When news breaks about a cyber-attack, often the affected company will [ab]use the word ‘sophisticated’ to describe the attack. Immediately upon hearing the word ‘sophisticated,’ many in the InfoSec community roll their eyes because the characterization is viewed as nothing more than hyperbole. The skepticism stems from a long history of incidents in which breach details show that the attacker gained entry using painfully common, even routine, and ultimately defensible methods (e.g. SQL Injection, brute-force, phishing, password reuse, old and well-known vulnerability, etc).

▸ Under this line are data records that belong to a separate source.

definition cf_err :: "real \<Rightarrow> nat \<Rightarrow> real" where
  "cf_err e k = (\<Prod>i<k. cf_rem e i)"

lemma cf_err_Suc: "cf_err e (Suc k) = cf_err e k * cf_rem e k"
  by (simp add: cf_err_def)

lemma one_div_cf_rem: "1 / cf_rem e k = of_int (cf_quot e (Suc k)) + cf_rem e (Suc k)"
  by (simp add: cf_quot_def frac_def)

lemma cf_num_den_det: "cf_num e (Suc k) * cf_den e k - cf_num e k * cf_den e (Suc k) = (-1) ^ Suc k"
  by (induction k) (simp_all add: algebra_simps)

lemma abs_diff_ge_of_small_combination:
  fixes u v n Q1 Q2 :: int and P1 P2 :: real
  assumes "0 \<le> Q1" "0 < P1" "0 < P2" "1 \<le> n" "n < Q2" "n = u * Q1 + v * Q2"
  shows "P1 \<le> \<bar>of_int u * P1 - of_int v * P2\<bar>"
proof -
  have big: "Q2 \<le> v * Q2" if "1 \<le> v" using that assms(4,5) by (simp add: mult_le_cancel_right1)
  have small: "v * Q2 \<le> 0" if "v \<le> 0" using that assms(4,5) by (simp add: mult_nonpos_nonneg)
  consider "1 \<le> u" | "u \<le> -1" | "u = 0" by linarith
  then show ?thesis
  proof cases
    case 1
    have "0 \<le> u * Q1" using 1 assms(1) by simp
    have "v \<le> 0"
    proof (rule ccontr)
      assume "\<not> v \<le> 0"
      then have "Q2 \<le> v * Q2" by (intro big) simp
      then show False using \<open>0 \<le> u * Q1\<close> assms(5,6) by linarith
    qed
    then have "of_int v * P2 \<le> 0" using assms(3) by (simp add: mult_nonpos_nonneg)
    moreover have "P1 \<le> of_int u * P1" using 1 assms(2) by simp
    ultimately show ?thesis by linarith
  next
    case 2
    have "u * Q1 \<le> 0" using 2 assms(1) by (simp add: mult_nonpos_nonneg)
    have "1 \<le> v"
    proof (rule ccontr)
      assume "\<not> 1 \<le> v"
      then have "v * Q2 \<le> 0" by (intro small) simp
      then show False using \<open>u * Q1 \<le> 0\<close> assms(4,6) by linarith
    qed
    then have "0 \<le> of_int v * P2" using assms(3) by simp
    moreover have "of_int u * P1 \<le> - P1" using 2 assms(2) mult_right_mono[of "of_int u" "-1" P1] by simp
    ultimately show ?thesis by linarith
  next
    case 3
    then have "n = v * Q2" using assms(6) by simp
    then show ?thesis using big small assms(4,5) by linarith
  qed
qed

text \<open>Step from the last point n e + m at most y (in the downward version, from the first point
  above y + g).\<close>

lemma exists_point_in_interval_of_up_steps:
  fixes F :: "int set" and e g y :: real
  assumes "finite F" "F \<noteq> {}"
    and step: "\<And>n m. n \<in> F \<Longrightarrow> \<exists>n'\<in>F. \<exists>m'::int. \<exists>t. 0 < t \<and> t \<le> g \<and>
                  of_int n' * e + of_int m' = of_int n * e + of_int m + t"
  shows "\<exists>n\<in>F. \<exists>m::int. y < of_int n * e + of_int m \<and> of_int n * e + of_int m \<le> y + g"
proof -
  define f where "f n = of_int n * e + of_int \<lfloor>y - of_int n * e\<rfloor>" for n :: int
  define M where "M = Max (f ` F)"
  have "M \<in> f ` F" unfolding M_def using assms(1,2) by simp
  then obtain n0 where n0: "n0 \<in> F" "M = f n0" by auto
  have le_M: "f n \<le> M" if "n \<in> F" for n unfolding M_def using assms(1) that by simp
  obtain n' m' t where nm: "n' \<in> F" "0 < t" "t \<le> g" "of_int n' * e + of_int m' = M + t"
    using step[OF n0(1), of "\<lfloor>y - of_int n0 * e\<rfloor>"] unfolding n0 f_def by auto
  have "y < M + t"
  proof (rule ccontr)
    assume "\<not> y < M + t"
    then have "m' \<le> \<lfloor>y - of_int n' * e\<rfloor>" using nm(4) by (simp add: le_floor_iff)
    then have "M + t \<le> f n'" unfolding f_def using nm(4) by simp
    then show False using le_M[OF nm(1)] nm(2) by linarith
  qed
  moreover have "M \<le> y" unfolding n0 f_def by linarith
  ultimately show ?thesis using nm by (intro bexI[OF _ nm(1)] exI[of _ m']) auto
qed

lemma exists_point_in_interval_of_down_steps:
  fixes F :: "int set" and e g y :: real
  assumes "finite F" "F \<noteq> {}"
    and step: "\<And>n m. n \<in> F \<Longrightarrow> \<exists>n'\<in>F. \<exists>m'::int. \<exists>t. 0 < t \<and> t \<le> g \<and>
                  of_int n' * e + of_int m' = of_int n * e + of_int m - t"
  shows "\<exists>n\<in>F. \<exists>m::int. y < of_int n * e + of_int m \<and> of_int n * e + of_int m \<le> y + g"
proof -
  define f where "f n = of_int n * e + of_int (\<lfloor>y + g - of_int n * e\<rfloor> + 1)" for n :: int
  define M where "M = Min (f ` F)"
  have "M \<in> f ` F" unfolding M_def using assms(1,2) by simp
  then obtain n0 where n0: "n0 \<in> F" "M = f n0" by auto
  have M_le: "M \<le> f n" if "n \<in> F" for n unfolding M_def using assms(1) that by simp
  obtain n' m' t where nm: "n' \<in> F" "0 < t" "t \<le> g" "of_int n' * e + of_int m' = M - t"
    using step[OF n0(1), of "\<lfloor>y + g - of_int n0 * e\<rfloor> + 1"] unfolding n0 f_def by auto
  have "M - t \<le> y + g"
  proof (rule ccontr)
    assume "\<not> M - t \<le> y + g"
    then have "\<lfloor>y + g - of_int n' * e\<rfloor> + 1 \<le> m'" using nm(4) by linarith
    then have "f n' \<le> M - t" unfolding f_def using nm(4) by simp
    then show False using M_le[OF nm(1)] nm(2) by linarith
  qed
  moreover have "y + g < M" unfolding n0 f_def by linarith
  ultimately show ?thesis using nm by (intro bexI[OF _ nm(1)] exI[of _ m']) auto
qed

context
  fixes e :: real
  assumes irrational: "0 < e" "e < 1" "e \<notin> \<rat>"
begin

lemma cf_rem_bounds: "0 < cf_rem e k \<and> cf_rem e k < 1 \<and> cf_rem e k \<notin> \<rat>"
proof (induction k)
  case 0
  then show ?case using irrational by simp
next
  case (Suc k)
  define r where "r = cf_rem e k"
  have r: "0 < r" "r \<notin> \<rat>" using Suc r_def by auto
  have "1 / r \<notin> \<rat>"
    using r Rats_divide[OF Rats_1, of "1 / r"] by auto
  then have irr: "frac (1 / r) \<notin> \<rat>"
    using Rats_add[of "frac (1 / r)" "of_int \<lfloor>1 / r\<rfloor>"] by (auto simp: frac_def)
  then have "frac (1 / r) \<noteq> 0" by (metis Rats_0)
  then show ?case using irr frac_ge_0[of "1 / r"] frac_lt_1[of "1 / r"] by (simp add: r_def)
qed

lemma cf_quot_Suc_ge_1: "1 \<le> cf_quot e (Suc k)"
proof -
  have "1 < 1 / cf_rem e k" using cf_rem_bounds[of k] by simp
  then show ?thesis by (simp add: cf_quot_def)
qed

lemma cf_err_pos: "0 < cf_err e k"
  unfolding cf_err_def using cf_rem_bounds by (intro prod_pos) auto

lemma cf_err_recurrence:
  "cf_err e k = of_int (cf_quot e (Suc k)) * cf_err e (Suc k) + cf_err e (Suc (Suc k))"
proof -
  have "cf_err e k = cf_err e (Suc k) * (1 / cf_rem e k)"
    using cf_rem_bounds[of k] by (simp add: cf_err_Suc)
  also have "\<dots> = of_int (cf_quot e (Suc k)) * cf_err e (Suc k) + cf_err e (Suc k) * cf_rem e (Suc k)"
    by (simp only: one_div_cf_rem distrib_left mult.commute)
  finally show ?thesis by (simp only: cf_err_Suc[of e "Suc k"])
qed

lemma cf_err_sum_less:
  "cf_err e k + cf_err e (Suc k) < (of_int (cf_quot e (Suc k)) + 2) * cf_err e (Suc k)"
proof -
  have "cf_err e (Suc (Suc k)) < cf_err e (Suc k)"
    using cf_rem_bounds[of "Suc k"] cf_err_pos[of "Suc k"] by (simp add: cf_err_Suc[of e "Suc k"])
  then show ?thesis using cf_err_recurrence[of k] by (simp add: algebra_simps)
qed

lemma cf_den_approx: "of_int (cf_den e k) * e - of_int (cf_num e k) = (-1) ^ Suc k * cf_err e k"
proof (induction k rule: induct_nat_012)
  case 0
  then show ?case by (simp add: cf_err_def)
next
  case 1
  then show ?case by (simp add: cf_err_def)
next
  case (ge2 k)
  let ?a = "real_of_int (cf_quot e (Suc k))"
  have IH1: "of_int (cf_den e (Suc k)) * e - of_int (cf_num e (Suc k)) = (-1) ^ k * cf_err e (Suc k)"
    using ge2.IH(2) by simp
  have IH0: "of_int (cf_den e k) * e - of_int (cf_num e k) = - ((-1) ^ k * cf_err e k)"
    using ge2.IH(1) by simp
  have "of_int (cf_den e (Suc (Suc k))) * e - of_int (cf_num e (Suc (Suc k)))
      = ?a * (of_int (cf_den e (Suc k)) * e - of_int (cf_num e (Suc k)))
        + (of_int (cf_den e k) * e - of_int (cf_num e k))"
    by (simp add: algebra_simps)
  also have "\<dots> = - ((-1) ^ k * (cf_err e k - ?a * cf_err e (Suc k)))"
    unfolding IH0 IH1 by (simp add: algebra_simps)
  also have "\<dots> = (-1) ^ Suc (Suc (Suc k)) * cf_err e (Suc (Suc k))"
    using cf_err_recurrence[of k] by simp
  finally show ?case .
qed

lemma cf_den_nonneg_mono: "0 \<le> cf_den e k \<and> cf_den e k \<le> cf_den e (Suc k)"
proof (induction k)
  case 0
  then show ?case by simp
next
  case (Suc k)
  have "cf_den e (Suc k) \<le> cf_quot e (Suc k) * cf_den e (Suc k)"
    using Suc cf_quot_Suc_ge_1[of k] mult_right_mono[of 1 "cf_quot e (Suc k)"] by fastforce
  then show ?case using Suc by simp
qed

lemma incseq_cf_den: "incseq (cf_den e)"
  using cf_den_nonneg_mono by (simp add: incseq_SucI)

lemma cf_den_Suc_ge_1: "1 \<le> cf_den e (Suc k)"
  using incseq_cf_den by (metis cf_den.simps(2) Suc_le_mono incseq_def zero_le)

lemma cf_den_ge: "int k \<le> cf_den e (Suc k)"
proof (induction k rule: induct_nat_012)
  case (ge2 k)
  have "cf_den e (Suc (Suc k)) \<le> cf_quot e (Suc (Suc k)) * cf_den e (Suc (Suc k))"
    using cf_quot_Suc_ge_1[of "Suc k"] cf_den_Suc_ge_1[of "Suc k"]
      mult_right_mono[of 1 "cf_quot e (Suc (Suc k))"] by fastforce
  moreover have "cf_den e (Suc (Suc (Suc k)))
      = cf_quot e (Suc (Suc k)) * cf_den e (Suc (Suc k)) + cf_den e (Suc k)"
    by (simp only: cf_den.simps)
  ultimately show ?case using ge2.IH(2) cf_den_Suc_ge_1[of k] by linarith
qed (use cf_den_Suc_ge_1 cf_quot_Suc_ge_1 in auto)

lemma cf_den_bracket:
  assumes "1 \<le> N"
  obtains k where "cf_den e (Suc k) \<le> N" "N < cf_den e (Suc (Suc k))"
proof -
  have ex: "\<exists>k. N < cf_den e (Suc (Suc k))"
    using cf_den_ge[of "Suc (nat N)"] by (intro exI[of _ "nat N"]) linarith
  define k where "k = (LEAST k. N < cf_den e (Suc (Suc k)))"
  have "N < cf_den e (Suc (Suc k))"
    unfolding k_def using ex by (rule LeastI_ex)
  moreover have "cf_den e (Suc k) \<le> N"
  proof (cases k)
    case (Suc k')
    then show ?thesis using not_less_Least[of k' "\<lambda>k. N < cf_den e (Suc (Suc k))"] k_def by force
  qed (use assms in simp)
  ultimately show ?thesis using that by blast
qed

lemma cf_best_approximation:
  assumes n: "1 \<le> n" "n < cf_den e (Suc (Suc k))"
  shows "cf_err e (Suc k) \<le> \<bar>of_int n * e - of_int m\<bar>"
proof -
  define Q1 where "Q1 = cf_den e (Suc k)"
  define Q2 where "Q2 = cf_den e (Suc (Suc k))"
  define p1 where "p1 = cf_num e (Suc k)"
  define p2 where "p2 = cf_num e (Suc (Suc k))"
  define c :: int where "c = (-1) ^ k"
  have c: "c * c = 1" unfolding c_def by (simp flip: power_mult_distrib)
  have det: "p2 * Q1 - p1 * Q2 = c"
    using cf_num_den_det[of e "Suc k"] unfolding c_def p1_def p2_def Q1_def Q2_def by simp
  \<comment> \<open>the coordinates of (n, m) in the unimodular basis (Q1, p1), (Q2, p2)\<close>
  define u where "u = c * (n * p2 - m * Q2)"
  define v where "v = c * (m * Q1 - n * p1)"
  have "u * Q1 + v * Q2 = c * c * n" "u * p1 + v * p2 = c * c * m"
    unfolding u_def v_def det[symmetric] by (simp_all add: algebra_simps)
  then have nuv: "n = u * Q1 + v * Q2" and muv: "m = u * p1 + v * p2"
    unfolding c by simp_all
  have D1: "of_int Q1 * e - of_int p1 = (-1) ^ k * cf_err e (Suc k)"
    using cf_den_approx[of "Suc k"] unfolding Q1_def p1_def by simp
  have D2: "of_int Q2 * e - of_int p2 = - ((-1) ^ k * cf_err e (Suc (Suc k)))"
    using cf_den_approx[of "Suc (Suc k)"] unfolding Q2_def p2_def
    by (simp del: cf_den.simps cf_num.simps)
  have "of_int n * e - of_int m
      = of_int u * (of_int Q1 * e - of_int p1) + of_int v * (of_int Q2 * e - of_int p2)"
    unfolding nuv muv by (simp add: algebra_simps)
  also have "\<dots> = (-1) ^ k * (of_int u * cf_err e (Suc k) - of_int v * cf_err e (Suc (Suc k)))"
    unfolding D1 D2 by (simp add: algebra_simps)
  finally have "\<bar>of_int n * e - of_int m\<bar>
      = \<bar>of_int u * cf_err e (Suc k) - of_int v * cf_err e (Suc (Suc k))\<bar>"
    by (simp add: abs_mult)
  moreover have "cf_err e (Suc k) \<le> \<bar>of_int u * cf_err e (Suc k) - of_int v * cf_err e (Suc (Suc k))\<bar>"
    using cf_den_nonneg_mono cf_err_pos n
    by (intro abs_diff_ge_of_small_combination[OF _ _ _ n(1) _ nuv]) (auto simp: Q1_def Q2_def)
  ultimately show ?thesis by simp
qed
lemma binomial_moment_careless_step:
  "binomial_moment n (careless_step n p v) i
     = (\<Sum>k\<le>n. v k * (\<Sum>j\<le>n. careless_P n p k j * real (j choose i)))"
  unfolding binomial_moment_def careless_step_def sum_distrib_left sum_distrib_right
  by (subst sum.swap) (simp add: mult.assoc)

lemma binomial_moment_careless_step_0:
  assumes "0 < n"
  shows "binomial_moment n (careless_step n p v) 0 = binomial_moment n v 0"
  unfolding binomial_moment_careless_step using careless_P_row_sum[OF _ assms]
  by (simp add: binomial_moment_0)

lemma binomial_moment_careless_step_Suc:
  assumes "0 < n"
  shows "binomial_moment n (careless_step n p v) (Suc l) = (1 - p) ^ Suc l
           * ((1 - real (Suc l) / real n) * binomial_moment n v (Suc l)
              + (real n - real l) / real n * binomial_moment n v l)"
proof -
  let ?a = "(1 - p) ^ Suc l" and ?b = "1 - real (Suc l) / real n"
    and ?c = "(real n - real l) / real n"
  have "binomial_moment n (careless_step n p v) (Suc l)
      = (\<Sum>k\<le>n. v k * (?a * (?b * real (k choose Suc l) + ?c * real (k choose l))))"
    unfolding binomial_moment_careless_step
    by (intro sum.cong refl) (simp add: careless_P_binomial_moment_Suc assms)
  also have "\<dots> = ?a * (?b * binomial_moment n v (Suc l) + ?c * binomial_moment n v l)"
    unfolding binomial_moment_def by (simp add: sum.distrib sum_distrib_left ac_simps distrib_left)
  finally show ?thesis .
qed

section \<open>The stationary law\<close>

lemma careless_stationary_iff_step:
  "careless_stationary n p v \<longleftrightarrow>
     (\<forall>j>n. v j = 0) \<and> (\<forall>j\<le>n. 0 \<le> v j) \<and> (\<Sum>j\<le>n. v j) = 1 \<and>
     (\<forall>j\<le>n. careless_step n p v j = v j)"
  by (auto simp: careless_stationary_def careless_step_def)

definition careless_stationary_moment :: "nat \<Rightarrow> real \<Rightarrow> nat \<Rightarrow> real" where
  "careless_stationary_moment n p i =
     (\<Prod>l=1..i. (1 - p) ^ l * ((real n - real l + 1) / real n)
                / (1 - (1 - p) ^ l * (1 - real l / real n)))"

lemma one_minus_power_mult_pos:
  fixes x t :: real
  assumes "0 \<le> x" "x < 1" "0 < l" "t \<le> 1"
  shows "0 < 1 - x ^ l * t"
proof -
  have "x ^ l * t \<le> x ^ l" using assms by (simp add: mult_left_le)
  moreover have "x ^ l < 1" using assms by (simp add: power_less_one_iff)
  ultimately show ?thesis by linarith
qed

lemma careless_stationary_moment_Suc_iff:
  assumes "0 < p" "p < 1"
  shows "X = (1 - p) ^ Suc l * ((1 - real (Suc l) / real n) * X
               + (real n - real l) / real n * careless_stationary_moment n p l)
         \<longleftrightarrow> X = careless_stationary_moment n p (Suc l)"
proof -
  define a where "a = (1 - p) ^ Suc l"
  define b where "b = 1 - real (Suc l) / real n"
  define c where "c = (real n - real l) / real n"
  define Y where "Y = careless_stationary_moment n p l"
  have "0 < 1 - a * b"
    unfolding a_def b_def using assms by (intro one_minus_power_mult_pos) auto
  have "X = a * (b * X + c * Y) \<longleftrightarrow> X * (1 - a * b) = a * c * Y"
    by (auto simp: algebra_simps)
  also have "\<dots> \<longleftrightarrow> X = a * c * Y / (1 - a * b)"
    using \<open>0 < 1 - a * b\<close> by (simp add: eq_divide_eq)
  also have "a * c * Y / (1 - a * b) = careless_stationary_moment n p (Suc l)"
    unfolding careless_stationary_moment_def a_def b_def c_def Y_def
    by (simp add: prod.cl_ivl_Suc)
  finally show ?thesis unfolding a_def b_def c_def Y_def .
qed
text \<open>
  The group-theoretic core: \<open>c|Q\<close> and \<open>c \<circ> \<phi>\<close> are conjugate in \<open>BijGroup S\<close>, by the
  transport of an equivariant bijection.
\<close>
lemma (in group) cayley_conjugate:
  assumes fin: "finite (carrier G)" and e: "bij_betw e (carrier G) S" and Q: "subgroup Q G"
    and \<phi>: "\<phi> \<in> hom (G\<lparr>carrier := Q\<rparr>) G" and \<phi>_inj: "inj_on \<phi> Q"
  obtains \<tau> where "\<tau> \<in> carrier (BijGroup S)"
    and "\<forall>q \<in> Q. \<tau> \<otimes>\<^bsub>BijGroup S\<^esub> cayley G e S q = cayley G e S (\<phi> q) \<otimes>\<^bsub>BijGroup S\<^esub> \<tau>"
proof -
  have \<phi>_mult: "\<forall>x \<in> Q. \<forall>y \<in> Q. \<phi> (x \<otimes> y) = \<phi> x \<otimes> \<phi> y"
    using \<phi> by (simp add: hom_def)
  obtain \<psi> where \<psi>: "bij_betw \<psi> (carrier G) (carrier G)"
    and equi: "\<And>q x. q \<in> Q \<Longrightarrow> x \<in> carrier G \<Longrightarrow> \<psi> (q \<otimes> x) = \<phi> q \<otimes> \<psi> x"
    using equivariant_bijection[OF fin Q image_subgroup[OF Q \<phi>] \<phi>_mult \<phi>_inj] by blast
  let ?\<tau> = "transport (carrier G) e S \<psi>" and ?c = "cayley G e S"
  have \<tau>: "?\<tau> \<in> carrier (BijGroup S)"
    using transport_Bij[OF e \<psi>] by (simp add: BijGroup_def)
  have "?\<tau> \<otimes>\<^bsub>BijGroup S\<^esub> ?c q = ?c (\<phi> q) \<otimes>\<^bsub>BijGroup S\<^esub> ?\<tau>" if q: "q \<in> Q" for q
  proof -
    have qc: "q \<in> carrier G" and \<phi>q: "\<phi> q \<in> carrier G"
      using q subgroup.subset[OF Q] hom_in_carrier[OF \<phi>] by auto
    have "compose S ?\<tau> (?c q) = transport (carrier G) e S (\<psi> \<circ> (\<lambda>x. q \<otimes> x))"
      unfolding cayley_eq_transport using qc by (intro transport_compose[OF e]) auto
    also have "\<dots> = transport (carrier G) e S ((\<lambda>x. \<phi> q \<otimes> x) \<circ> \<psi>)"
      using q by (intro transport_cong[OF e]) (simp add: equi)
    also have "\<dots> = compose S (?c (\<phi> q)) ?\<tau>"
      unfolding cayley_eq_transport using \<psi>
      by (intro transport_compose[OF e, symmetric]) (simp add: bij_betw_def)
    finally show ?thesis
      using \<tau> hom_in_carrier[OF cayley_hom[OF e]] qc \<phi>q by (simp add: BijGroup_def)
  qed
  then show ?thesis using that \<tau> by blast
qed
(* Let $A\in\mathbb{R}^{n\times n}$, $B\in\mathbb{R}^{n\times m}$, $C\in\mathbb{R}^{p\times n}$ with $(A,C)$ observable and $(A,B)$ reachable, let $\ell$ be the observability index of $(A,C)$, and let $\mathbf{A}_\ell,\mathbf{B}_\ell$ be as in the context. Then the pair $(\mathbf{A}_\ell,\mathbf{B}_\ell)$ is reachable if and only if $p\ell=n$.
   Context: The observability index $\ell$ of an observable pair $(A,C)$ is the smallest $l$ with $\operatorname{rank}[C;CA;\dots;CA^{l-1}]=n$. Define $\mathcal{O}_\ell=[C;CA;\dots;CA^{\ell-1}]$; $\mathcal{T}_\ell\in\mathbb{R}^{p\ell\times m\ell}$ block lower triangular with $(i,j)$ block equal to $CA^{i-j-1}B$ if $i>j$ and $0$ otherwise; $\mathcal{R}_\ell=[A^{\ell-1}B\ \cdots\ AB\ B]$; $\mathcal{O}_\ell^{L}$ a fixed left inverse of $\mathcal{O}_\ell$. $\mathbf{F}_\ell=\mathrm{blockdiag}(S_p,S_m)$ where $S_q\in\mathbb{R}^{q\ell\times q\ell}$ has blocks $I_q$ at block positions $(i,i+1)$, $i=1,\dots,\ell-1$, zeros elsewhere; $\mathbf{L}_\ell\in\mathbb{R}^{(p\ell+m\ell)\times p}$ has $I_p$ in rows $p\ell-p+1,\dots,p\ell$, zeros elsewhere; $\mathbf{B}_\ell\in\mathbb{R}^{(p\ell+m\ell)\times m}$ has $I_m$ in its last $m$ rows, zeros elsewhere. $Z_\ell=[CA^\ell\mathcal{O}_\ell^L\ \ C\mathcal{R}_\ell-CA^\ell\mathcal{O}_\ell^L\mathcal{T}_\ell]$ and $\mathbf{A}_\ell=\mathbf{F}_\ell+\mathbf{L}_\ell Z_\ell$. *)

theory Defs
  imports "Jordan_Normal_Form.DL_Rank"
begin

text \<open>Matrices are Jordan_Normal_Form matrices (type real mat) with explicit dimensions.
  All block indices below are 0-based.\<close>

definition mrank :: "real mat \<Rightarrow> nat" where
  "mrank M = vec_space.rank (dim_row M) M"

definition obs_mat :: "real mat \<Rightarrow> real mat \<Rightarrow> nat \<Rightarrow> real mat" where
  "obs_mat A C l = mat (dim_row C * l) (dim_col A)
     (\<lambda>(i,j). (C * A ^\<^sub>m (i div dim_row C)) $$ (i mod dim_row C, j))"

definition reach_mat :: "real mat \<Rightarrow> real mat \<Rightarrow> nat \<Rightarrow> real mat" where
  "reach_mat A B l = mat (dim_row A) (dim_col B * l)
     (\<lambda>(i,j). (A ^\<^sub>m (l - 1 - j div dim_col B) * B) $$ (i, j mod dim_col B))"

definition observable :: "real mat \<Rightarrow> real mat \<Rightarrow> bool" where
  "observable A C \<longleftrightarrow> mrank (obs_mat A C (dim_row A)) = dim_row A"

definition reachable :: "real mat \<Rightarrow> real mat \<Rightarrow> bool" where
  "reachable A B \<longleftrightarrow> mrank (reach_mat A B (dim_row A)) = dim_row A"

definition obs_index :: "real mat \<Rightarrow> real mat \<Rightarrow> nat" where
  "obs_index A C = (LEAST l. mrank (obs_mat A C l) = dim_row A)"

definition toep_mat :: "real mat \<Rightarrow> real mat \<Rightarrow> real mat \<Rightarrow> nat \<Rightarrow> real mat" where
  "toep_mat A B C l = mat (dim_row C * l) (dim_col B * l)
     (\<lambda>(i,j). if j div dim_col B < i div dim_row C
              then (C * A ^\<^sub>m (i div dim_row C - j div dim_col B - 1) * B) $$ (i mod dim_row C, j mod dim_col B)
              else 0)"

definition shift_mat :: "nat \<Rightarrow> nat \<Rightarrow> real mat" where
  "shift_mat q l = mat (q * l) (q * l) (\<lambda>(i,j). if j = i + q then 1 else 0)"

In cases of spin, the PR team of the breached company uses the word ‘sophisticated’ in an to attempt convey that the company did nothing wrong, that there was nothing they could have done to prevent the breach because the attack was not foreseeable or preventable by traditional means, and that they “take security seriously,” — so please don’t sue, stop shopping, or close your accounts.
One factor that allows this deflection to continue is the lack of a documented consensus across InfoSec of what constitutes a ‘sophisticated’ attack. Clearly, some attacks are actually sophisticated – Stuxnet comes to mind in that regard. Not too long ago I took up the cause and asked my Twitter followers, many tens of thousands largely in the InfoSec community, what they considered to be a ‘sophisticated’ attack. The tweets received were fairly consistent. I distilled the thoughts down to set of attack characteristics and have listed them below.
5 Characteristics of a ‘Sophisticated’ Attack:
- The adversary knew specifically what application they were going to attack and collected intelligence about their target.
- The adversary used the gathered intelligence to attack specific points in their target, and not just a random system on the network.
- The adversary bypassed multiple layers of strong defense mechanisms, which may include intrusion prevention systems, encryption, multi-factor authentication, anti-virus software, air-gapped networks, and on and on.
- The adversary chained multiple exploits to achieve their full compromise. A zero-day may have been used during the attack, but this alone does not denote sophistication. There must be some clever or unique technique that was used.
- If malware was used in the attack, then it had to be malware that would not have been detectable using up-to-date anti-virus, payload recognition, or other endpoint security software.
While improvements can and will be made here, if an attack exhibits most or all of these characteristics, it can be safely considered ‘sophisticated.’ If it does not display these characteristics and your PR team still [ab]uses the word ‘sophisticated,’ then we reserve the right to roll our eyes and call you out.